The updated target incorporates Phase 2 passive seismic anomalies and supports the view that mineralisation extends beyond current resource boundaries. Managing Director Beckton highlighted that drilling is essential to validate and convert these targets into Mineral Resources, balancing upside potential with exploration risks.
Renounceable Rights Issue Raises A$2.57 Million to Support Project Advancement
During the quarter, European Resources completed a renounceable rights issue, raising A$2,571,045 through issuance of 171,402,980 shares and options priced at A$0.015 each. The fully subscribed capital raise demonstrates strong shareholder backing and will fund metallurgical optimization, geophysical surveys, and drilling of new targets. Post-raise, the company’s share count stands at 694.9 million, with a market capitalization near A$10.4 million at the issue price.
Funds will support the company’s strategic objectives of refining processing routes and expanding Mineral Resources through targeted exploration. The Korsnäs project remains at an early development stage, pending advancement toward production.
Korsnäs Project’s Strategic Role in European Rare Earth Supply Chain
Located in Finland and fully owned by European Resources Limited, the Korsnäs rare earth project holds strategic significance for Europe’s drive to diversify rare earth supply chains. Europe aims to reduce reliance on Asian producers by developing domestic sources for battery metals and permanent magnets critical to renewable energy and electric mobility.

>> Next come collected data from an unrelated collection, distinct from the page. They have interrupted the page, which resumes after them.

(* Let $n\ge 1$ be an integer and let $\mathcal{F}\subseteq\mathbb{Z}_{2^n}$. If $\mathcal{F}$ does not contain a projective $2$-cube, then $|\mathcal{F}|\le |L_1|=2^{n-1}$.
   Context: All arithmetic is in the cyclic group $\mathbb{Z}_{2^n}$. For a multiset $S=\{a_1,\dots,a_d\}$ of $d$ (not necessarily distinct) elements of $\mathbb{Z}_{2^n}$, the projective $d$-cube generated by $S$ is the set $\Sigma^*S=\{\sum_{i\in I}a_i \bmod 2^n:\emptyset\ne I\subseteq[d]\}$. A set $A$ contains a projective $d$-cube if $\Sigma^*S\subseteq A$ for some multiset $S$ of size $d$. Thus a projective $2$-cube is a set $\{a,b,a+b\}$ (with $a=b$ allowed, giving $\{a,2a\}$). Layers: for $1\le i\le n$, $L_i=\{x\in\mathbb{Z}_{2^n}: x\equiv 2^{i-1}\pmod{2^i}\}$, and $L_{n+1}=\{0\}$; so $L_1$ is the set of odd residues. *)

theory Defs
  imports Main
begin

text \<open>Z_{2^n} is modelled by the residues {0..<2^n} (naturals), addition mod 2^n.
  A multiset S of d elements is modelled by a list of length d.\<close>

definition proj_cube :: "nat \<Rightarrow> nat list \<Rightarrow> nat set" where
  "proj_cube n S = {(\<Sum>i\<in>I. S ! i) mod 2^n | I. I \<noteq> {} \<and> I \<subseteq> {..<length S}}"

definition contains_proj_cube :: "nat \<Rightarrow> nat \<Rightarrow> nat set \<Rightarrow> bool" where
  "contains_proj_cube n d A \<longleftrightarrow>
     (\<exists>S. length S = d \<and> set S \<subseteq> {..<2^n} \<and> proj_cube n S \<subseteq> A)"

definition layer :: "nat \<Rightarrow> nat \<Rightarrow> nat set" where
  "layer n i = (if i = n + 1 then {0}
               else {x \<in> {..<2^n}. x mod 2^i = 2^(i-1)})"

end

theory Submission
  imports Defs "HOL-Number_Theory.Cong"
begin

text \<open>Fix some a \<in> F. As F contains no projective 2-cube {a, x, a + x}, the translate a + F
  is disjoint from F; translation being a bijection of \<int>/2^n\<int>, this gives 2|F| \<le> 2^n.\<close>

lemma proj_cube_pair: "proj_cube n [a, b] = {a mod 2^n, b mod 2^n, (a + b) mod 2^n}"
proof -
  have "{..<length [a, b]} = {0, 1::nat}" by auto
  then have "{I. I \<noteq> {} \<and> I \<subseteq> {..<length [a, b]}} = {{0}, {1}, {0, 1::nat}}"
    by (auto simp: Pow_insert simp flip: Pow_def)
  then have "proj_cube n [a, b] = (\<lambda>I. (\<Sum>i\<in>I. [a, b] ! i) mod 2^n) ` {{0}, {1}, {0, 1}}"
    unfolding proj_cube_def setcompr_eq_image by simp
  then show ?thesis by simp
qed

lemma contains_proj_cube_2I:
  assumes "a < 2^n" "b < 2^n" "a \<in> F" "b \<in> F" "(a + b) mod 2^n \<in> F"
  shows "contains_proj_cube n 2 F"
  unfolding contains_proj_cube_def
  by (rule exI[of _ "[a, b]"]) (use assms in \<open>simp add: proj_cube_pair\<close>)

lemma inj_on_add_mod: "inj_on (\<lambda>x. (a + x) mod m) {..<(m::nat)}"
proof
  fix x y assume "x \<in> {..<m}" "y \<in> {..<m}" "(a + x) mod m = (a + y) mod m"
  then show "x = y"
    by (metis cong_def cong_add_lcancel_nat lessThan_iff mod_less)
qed

lemma card_le_half_if_disjoint_translate:
  fixes A :: "nat set"
  assumes "A \<subseteq> {..<m}" and "A \<inter> (\<lambda>x. (a + x) mod m) ` A = {}"
  shows "2 * card A \<le> m"
proof -
  let ?t = "\<lambda>x. (a + x) mod m"
  have fin: "finite A" using assms(1) finite_subset by blast
  show ?thesis
  proof (cases "m = 0")
    case False
    have "card (?t ` A) = card A"
      using card_image inj_on_subset[OF inj_on_add_mod assms(1)] by blast
    then have "2 * card A = card (A \<union> ?t ` A)"
      using card_Un_disjoint[OF fin finite_imageI[OF fin] assms(2)] by simp
    also have "\<dots> \<le> card {..<m}"
      by (rule card_mono) (use assms(1) False in auto)
    finally show ?thesis by simp
  qed (use assms(1) in simp)
qed

lemma card_layer_1:
  assumes "n \<ge> 1"
  shows "card (layer n 1) = 2^(n-1)"
proof -
  obtain m where m: "n = Suc m" using assms by (cases n) auto
  have "layer n 1 = (\<lambda>k. 2 * k + 1) ` {..<2^m}"
  proof (rule set_eqI)
    fix x :: nat
    have "x \<in> layer n 1 \<longleftrightarrow> x < 2 * 2^m \<and> odd x"
      using m by (auto simp: layer_def odd_iff_mod_2_eq_one)
    also have "\<dots> \<longleftrightarrow> x \<in> (\<lambda>k. 2 * k + 1) ` {..<2^m}"
      by (auto elim!: oddE)
    finally show "x \<in> layer n 1 \<longleftrightarrow> x \<in> (\<lambda>k. 2 * k + 1) ` {..<2^m}" .
  qed
  moreover have "inj (\<lambda>k::nat. 2 * k + 1)" by (auto simp: inj_def)
  ultimately show ?thesis using m by (simp add: card_image inj_on_subset)
qed

theorem proposition1p5:
  fixes n :: nat and F :: "nat set"
  assumes "n \<ge> 1" and "F \<subseteq> {..<2^n}"
    and "\<not> contains_proj_cube n 2 F"
  shows "card F \<le> card (layer n 1) \<and> card (layer n 1) = 2^(n-1)"
proof -
  have "2 * card F \<le> 2^n"
  proof (cases "F = {}")
    case False
    then obtain a where a: "a \<in> F" by blast
    have "(a + x) mod 2^n \<notin> F" if "x \<in> F" for x
      using contains_proj_cube_2I[of a n x F] assms(2,3) a that by auto
    then have "F \<inter> (\<lambda>x. (a + x) mod 2^n) ` F = {}" by auto
    with assms(2) show ?thesis by (rule card_le_half_if_disjoint_translate)
  qed simp
  moreover have "(2::nat)^n = 2 * 2^(n-1)"
    using assms(1) by (simp flip: power_Suc)
  ultimately show ?thesis using card_layer_1[OF assms(1)] by simp
qed

end
text \<open>
  The only coincidence among compositions of the maps is \<open>f\<^sub>2 \<circ> f\<^sub>4 = f\<^sub>3 \<circ> f\<^sub>1\<close>.
  For \<open>\<lambda> < (5 - \<surd>21)/2\<close> the first-level images of \<open>K \<subseteq> [0,1]\<close> meet only where
  \<open>f\<^sub>2(K)\<close> and \<open>f\<^sub>3(K)\<close> overlap, and comparing two codings of the same point digit by
  digit shows that they can differ only by exchanging blocks \<open>24 \<leftrightarrow> 31\<close>.  Such blocks
  never overlap, so fixing one coding \<open>c\<close> of \<open>x\<close>, the codings of \<open>x\<close> correspond bijectively
  to the subsets of the set \<open>B\<close> of block positions of \<open>c\<close>: there are \<open>2\<^bsup>|B|\<^esup>\<close> of them if \<open>B\<close>
  is finite and uncountably many otherwise.
\<close>

definition digit_seqs :: "(nat \<Rightarrow> nat) set" where
  "digit_seqs = {c. \<forall>n. c n \<in> {1,2,3,4}}"

definition coding_value :: "real \<Rightarrow> (nat \<Rightarrow> nat) \<Rightarrow> real" where
  "coding_value l c = (\<Sum>k. l^k * ifs_map l (c k) 0)"

definition seq_drop :: "nat \<Rightarrow> (nat \<Rightarrow> 'a) \<Rightarrow> nat \<Rightarrow> 'a" where
  "seq_drop n c = (\<lambda>k. c (n + k))"

definition swap_blocks :: "(nat \<Rightarrow> nat) \<Rightarrow> nat set" where
  "swap_blocks c = {n. (c n, c (Suc n)) \<in> {(2,4), (3,1)}}"

text \<open>The digit map \<open>i \<mapsto> 5 - i\<close> exchanges \<open>2 \<leftrightarrow> 3\<close> and \<open>4 \<leftrightarrow> 1\<close>, so it turns a block
  \<open>24\<close> into \<open>31\<close> and back.\<close>
definition flip_blocks :: "(nat \<Rightarrow> nat) \<Rightarrow> nat set \<Rightarrow> nat \<Rightarrow> nat" where
  "flip_blocks c F n = (if n \<in> F \<union> Suc ` F then 5 - c n else c n)"

lemma ifs_map_eq: "ifs_map l i y = l * y + ifs_map l i 0"
  by (simp add: ifs_map_def)

lemma ifs_map_0_simps:
  "ifs_map l 1 0 = 0" "ifs_map l (Suc 0) 0 = 0" "ifs_map l 2 0 = 2 * l"
  "ifs_map l 3 0 = 3 * l - l^2" "ifs_map l 4 0 = 1 - l"
  by (simp_all add: ifs_map_def)

lemma seq_drop_apply [simp]: "seq_drop n c k = c (n + k)"
  by (simp add: seq_drop_def)

lemma seq_drop_seq_drop [simp]: "seq_drop m (seq_drop n c) = seq_drop (n + m) c"
  by (simp add: seq_drop_def add.assoc)

lemma seq_drop_0 [simp]: "seq_drop 0 c = c"
  by (simp add: seq_drop_def)

lemma digit_seqsD: "c \<in> digit_seqs \<Longrightarrow> c n \<in> {1,2,3,4}"
  by (simp add: digit_seqs_def)

lemma seq_drop_digit_seqs: "c \<in> digit_seqs \<Longrightarrow> seq_drop n c \<in> digit_seqs"
  by (simp add: digit_seqs_def)
(* Let $C,A_1,\dots,A_M$ be real symmetric $N\times N$ matrices and $b\in\mathbb{R}^M$ with $\operatorname{Tr}(A_i^TA_j)=0$ for $i\ne j$, $\operatorname{Tr}(A_i^TC)=0$, $\|C\|_F=\|A_i\|_F=1$. Fix $c\in\mathbb{R}$ and let $S_c=\{X\succeq0:\operatorname{Tr}(A_i^TX)=b_i\ \forall i,\ \operatorname{Tr}(C^TX)=c\}$; assume $S_c$ contains a positive definite matrix and let $X_t$ be the (unique) maximizer of $\log\det X$ over $S_c$. Let $X_L\in S_c$, $X_L\succ0$, be $\epsilon_C$-optimal in the sense that $$\epsilon_C\ \ge\ (N-1)\big(\log\det X_t-\log\det X_L\big)\ \ge 0 .$$ Let $U_t,U_L$ be the Cholesky factors of $X_t,X_L$ ($X_t=U_t^TU_t$, $X_L=U_L^TU_L$). Let $K=DD_N$ and $\Phi'=\frac{2}{N+1}$, or $K=SDD_N$ and $\Phi'=1$, and let $0<\Phi<\Phi'$. Define $Q=U_t^{-T}CU_t^{-1}$, $\hat Y=I-\sqrt{\Phi}\,Q/\|Q\|_F$ and $\hat X=U_t^T\hat YU_t$. If $$\epsilon_C\le \epsilon_c^*=-\log\left(1-\left(\frac{\sqrt{\Phi'}-\sqrt{\Phi}}{\sqrt N+\sqrt{\Phi'}}\right)^3\right),$$ then the optimal value of the decrease step taken from $X_L$, $$\min_{X,Y}\operatorname{Tr}(C^TX)\ \text{s.t.}\ \operatorname{Tr}(A_i^TX)=b_i\ (i=1,\dots,M),\ X=U_L^TYU_L,\ Y\in K,$$ is at most $\operatorname{Tr}(C^T\hat X)$.
   Context: $X\in DD_N$ (diagonally dominant) means $X$ symmetric with $X(i,i)\ge\sum_{j\ne i}|X(i,j)|$ for all $i$; $X\in SDD_N$ (scaled diagonally dominant) means $X=DYD$ with $D$ positive diagonal and $Y\in DD_N$. Cholesky factor of $X\succ0$: upper-triangular $U$ with $X=U^TU$. *)

theory Defs
  imports "HOL-Analysis.Analysis" "HOL-Library.Extended_Real"
begin


definition sym_mat :: "real^'n^'n \<Rightarrow> bool" where
  "sym_mat X \<longleftrightarrow> transpose X = X"

definition psd :: "real^'n^'n \<Rightarrow> bool" where
  "psd X \<longleftrightarrow> sym_mat X \<and> (\<forall>v. 0 \<le> v \<bullet> (X *v v))"

definition pd :: "real^'n^'n \<Rightarrow> bool" where
  "pd X \<longleftrightarrow> sym_mat X \<and> (\<forall>v. v \<noteq> 0 \<longrightarrow> 0 < v \<bullet> (X *v v))"

definition frob_inner :: "real^'n^'n \<Rightarrow> real^'n^'n \<Rightarrow> real" where
  "frob_inner A X = trace (transpose A ** X)"

definition frob_norm :: "real^'n^'n \<Rightarrow> real" where
  "frob_norm A = sqrt (frob_inner A A)"

definition DD :: "(real^'n^'n) set" where
  "DD = {X. sym_mat X \<and> (\<forall>i. (\<Sum>j\<in>UNIV - {i}. \<bar>X$i$j\<bar>) \<le> X$i$i)}"

definition pos_diag :: "real^'n^'n \<Rightarrow> bool" where
  "pos_diag D \<longleftrightarrow> (\<forall>i j. i \<noteq> j \<longrightarrow> D$i$j = 0) \<and> (\<forall>i. 0 < D$i$i)"

definition SDD :: "(real^'n^'n) set" where
  "SDD = {X. \<exists>D Y. pos_diag D \<and> Y \<in> DD \<and> X = D ** Y ** D}"

definition upper_tri :: "real^('n::{finite,linorder})^('n::{finite,linorder}) \<Rightarrow> bool" where
  "upper_tri U \<longleftrightarrow> (\<forall>i j. j < i \<longrightarrow> U$i$j = 0)"

definition cholesky_factor :: "real^('n::{finite,linorder})^('n::{finite,linorder}) \<Rightarrow> real^('n::{finite,linorder})^('n::{finite,linorder}) \<Rightarrow> bool" where
  "cholesky_factor U X \<longleftrightarrow> upper_tri U \<and> X = transpose U ** U"
(* In the entry–exit model described in the context (under all its standing assumptions (A1)–(A8)), define the operator $(\Gamma u)(\phi,p):=\int u(\phi',p)\,\Gamma(\phi,\mathrm d\phi')$. Then $\Gamma$ maps $\mathscr C$ into $\mathscr C$, and $\Gamma\kappa\le\kappa/\delta$ pointwise on $\mathbb R_+^2$.
   Context: Let $\mathbb R_+=[0,\infty)$ and let $\mathscr B$ denote its Borel sets; integrals are over $\mathbb R_+$. "Increasing" for functions on $\mathbb R_+^2$ refers to the componentwise order. Standing assumptions: (A1) A demand function $D$ on $\mathbb R_+$ is continuous and strictly decreasing with $D(0)=\infty$ and $\lim_{p\to\infty}D(p)=0$. (A2) Profit $\pi(\phi,p)$ and output $q(\phi,p)$ are functions of productivity $\phi\ge 0$ and price $p\ge0$; both are continuous and strictly increasing on $\mathbb R_+^2$; $q\ge 0$; and $\pi(\phi,p)<0$ if $\phi=0$ or $p=0$. (A3) $\Gamma$ is a Markov transition kernel on $\mathbb R_+$ which is monotone increasing (i.e. $\phi\mapsto\Gamma(\phi,[0,a])$ is decreasing for every $a\ge0$); $\Gamma^n$ denotes its $n$-step kernel. Moreover (a) for each $a>0$ and $\phi\ge0$ there is $n\in\mathbb N$ with $\Gamma^n(\phi,[0,a))>0$; (b) for each $p>0$ there exists $\phi\ge0$ with $\int \pi(\phi',p)\Gamma(\phi,\mathrm d\phi')\ge 0$. $\beta=1/(1+r)$ for a fixed $r>0$. (A4) $\gamma$ is a Borel probability measure on $\mathbb R_+$ with $\int q(\phi,p)\gamma(\mathrm d\phi)<\infty$ for all $p$ and $\gamma([0,a])>0$ for all $a>0$; $c_e>0$ is a fixed entry cost. (A5) There exists $p>0$ with $\int \pi(\phi,p)\gamma(\mathrm d\phi)\ge c_e$. (A6) For every $p$, $\sum_{t\ge0}\beta^t\int \pi(\phi',p)\Gamma^t(0,\mathrm d\phi')\le 0$. (A7) Let $\{\phi_t\}$ be the process with $\phi_0\sim\gamma$ and $\phi_{t+1}\sim\Gamma(\phi_t,\cdot)$. There is $\delta\in(\beta,1)$ with $\sum_{t\ge0}\delta^t\,\mathbb E\,\pi(\phi_t,p)<\infty$ for all $p\ge0$. Fix a constant $b$ with $\pi+b\ge1$ and set $\kappa(\phi,p):=\sum_{t\ge0}\delta^t\mathbb E_\phi[\pi(\phi_t,p)+b]$, where under $\mathbb E_\phi$ the process starts at $\phi_0=\phi$ and evolves via $\Gamma$; $\kappa$ is assumed finite everywhere. For $f$ on $\mathbb R_+^2$ let $\|f\|_\kappa:=\sup|f/\kappa|$. Let $\mathscr C$ be the set of continuous, increasing functions $f$ on $\mathbb R_+^2$ with $\|f\|_\kappa<\infty$. (A8) For every $u\in\mathscr C$, the map $(\phi,p)\mapsto\int u(\phi',p)\Gamma(\phi,\mathrm d\phi')$ is continuous. *)

theory Defs
  imports "HOL-Probability.Probability"
begin

definition Rplus :: "real measure" where
  "Rplus = restrict_space borel {0..}"

fun kpow :: "(real \<Rightarrow> real measure) \<Rightarrow> nat \<Rightarrow> real \<Rightarrow> real measure" where
  "kpow \<Gamma> 0 x = return Rplus x"
| "kpow \<Gamma> (Suc n) x = bind (kpow \<Gamma> n x) \<Gamma>"

definition Gamma_op :: "(real \<Rightarrow> real measure) \<Rightarrow> (real \<Rightarrow> real \<Rightarrow> real) \<Rightarrow> real \<Rightarrow> real \<Rightarrow> real" where
  "Gamma_op \<Gamma> u \<phi> p = (\<integral>\<phi>'. u \<phi>' p \<partial>(\<Gamma> \<phi>))"

definition kappa_enn :: "(real \<Rightarrow> real measure) \<Rightarrow> (real \<Rightarrow> real \<Rightarrow> real) \<Rightarrow> real \<Rightarrow> real \<Rightarrow> real \<Rightarrow> real \<Rightarrow> ennreal" where
  "kappa_enn \<Gamma> \<pi> b \<delta> \<phi> p =
     (\<Sum>t. ennreal (\<delta> ^ t) * (\<integral>\<^sup>+ \<phi>'. ennreal (\<pi> \<phi>' p + b) \<partial>(kpow \<Gamma> t \<phi>)))"

definition kappa :: "(real \<Rightarrow> real measure) \<Rightarrow> (real \<Rightarrow> real \<Rightarrow> real) \<Rightarrow> real \<Rightarrow> real \<Rightarrow> real \<Rightarrow> real \<Rightarrow> real" where
  "kappa \<Gamma> \<pi> b \<delta> \<phi> p = enn2real (kappa_enn \<Gamma> \<pi> b \<delta> \<phi> p)"

definition incr2 :: "(real \<Rightarrow> real \<Rightarrow> real) \<Rightarrow> bool" where
  "incr2 f \<longleftrightarrow> (\<forall>\<phi>1 \<phi>2 p1 p2. 0 \<le> \<phi>1 \<longrightarrow> 0 \<le> p1 \<longrightarrow> \<phi>1 \<le> \<phi>2 \<longrightarrow> p1 \<le> p2 \<longrightarrow> f \<phi>1 p1 \<le> f \<phi>2 p2)"

definition strict_incr2 :: "(real \<Rightarrow> real \<Rightarrow> real) \<Rightarrow> bool" where
  "strict_incr2 f \<longleftrightarrow> (\<forall>\<phi>1 \<phi>2 p1 p2. 0 \<le> \<phi>1 \<longrightarrow> 0 \<le> p1 \<longrightarrow> \<phi>1 \<le> \<phi>2 \<longrightarrow> p1 \<le> p2
       \<longrightarrow> (\<phi>1, p1) \<noteq> (\<phi>2, p2) \<longrightarrow> f \<phi>1 p1 < f \<phi>2 p2)"

definition Cspace :: "(real \<Rightarrow> real \<Rightarrow> real) \<Rightarrow> (real \<Rightarrow> real \<Rightarrow> real) set" where
  "Cspace \<kappa> = {f. continuous_on ({0..} \<times> {0..}) (\<lambda>(\<phi>, p). f \<phi> p) \<and> incr2 f \<and>
       bdd_above ((\<lambda>(\<phi>, p). \<bar>f \<phi> p / \<kappa> \<phi> p\<bar>) ` ({0..} \<times> {0..}))}"

end

theory Submission
  imports Defs
begin

(* kappa is the delta-discounted potential sum_t delta^t Gamma^t (pi + b) of the kernel, so it
   satisfies the resolvent identity kappa = (pi + b) + delta * Gamma kappa.  As pi + b >= 0, this
   gives Gamma kappa <= kappa / delta.  For u in C we have |u| <= M kappa, hence u is Gamma-integrable
   and |Gamma u| <= (M / delta) kappa; continuity of Gamma u is (A8).  Monotonicity in p is
   monotonicity of the integral; monotonicity in phi is first-order stochastic dominance: for
   continuous increasing h >= 0 every superlevel set of h in R_+ is empty, R_+ or a ray (a, oo),
   whose Gamma(phi)-measure increases with phi by (A3), and the layer-cake formula
   int h = int_0^oo mu {h > t} dt turns this into int h dGamma(phi1) <= int h dGamma(phi2). *)

lemma space_Rplus [simp]: "space Rplus = {0..}"
  by (simp add: Rplus_def space_restrict_space)

lemma borel_measurable_Rplus_continuous_on:
  "continuous_on {0..} h \<Longrightarrow> h \<in> borel_measurable Rplus"
  unfolding Rplus_def by (rule borel_measurable_continuous_on_restrict)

Korsnäs encompasses the historic mine site and additional prospective land, benefiting from proximity to European markets, established infrastructure, and a skilled workforce. However, the project faces challenges including environmental permitting, workforce recruitment, and energy costs within a regulated European context. The company is addressing these through a phased development strategy focused on metallurgical optimization and resource delineation prior to engineering and construction.
Managing Director Jason Beckton Highlights Metallurgical and Exploration Milestones
Jason Beckton, Managing Director, noted significant progress in metallurgy, geophysics, and resource definition during the June 2026 quarter. He emphasized that metallurgical testing is coalescing into a coherent processing flowsheet. The April 2026 resource update increased Inferred Mineral Resources to 15.4 million tonnes at 1.00% TREO, while passive seismic surveys identified new priority exploration targets.
Beckton outlined the next steps as refining processing through metallurgical optimization and drilling to convert geophysical targets into Mineral Resources. This balanced approach integrates beneficiation and hydrometallurgical development with systematic exploration to grow the Korsnäs mineral inventory.
Rare Earth Market Dynamics Support Korsnäs Project Development
The rare earth sector is experiencing renewed global interest driven by electric vehicle growth, renewable energy infrastructure, and defense applications requiring reliable supplies of magnet rare earths like neodymium and praseodymium. European governments and the EU prioritize rare earth supply security, backing projects like Korsnäs through initiatives such as REMHub, which supports metallurgical research.
Price volatility for key rare earth elements reflects supply disruptions, trade policies, and fluctuating demand from battery and magnet manufacturers. Establishing a primary rare earth source in Finland would enhance European supply diversification and reduce import dependency. Nonetheless, project economics remain sensitive to pricing, capital expenditure, and operational costs. European Resources mitigates these risks by advancing metallurgical testing and resource definition before committing to capital-intensive development.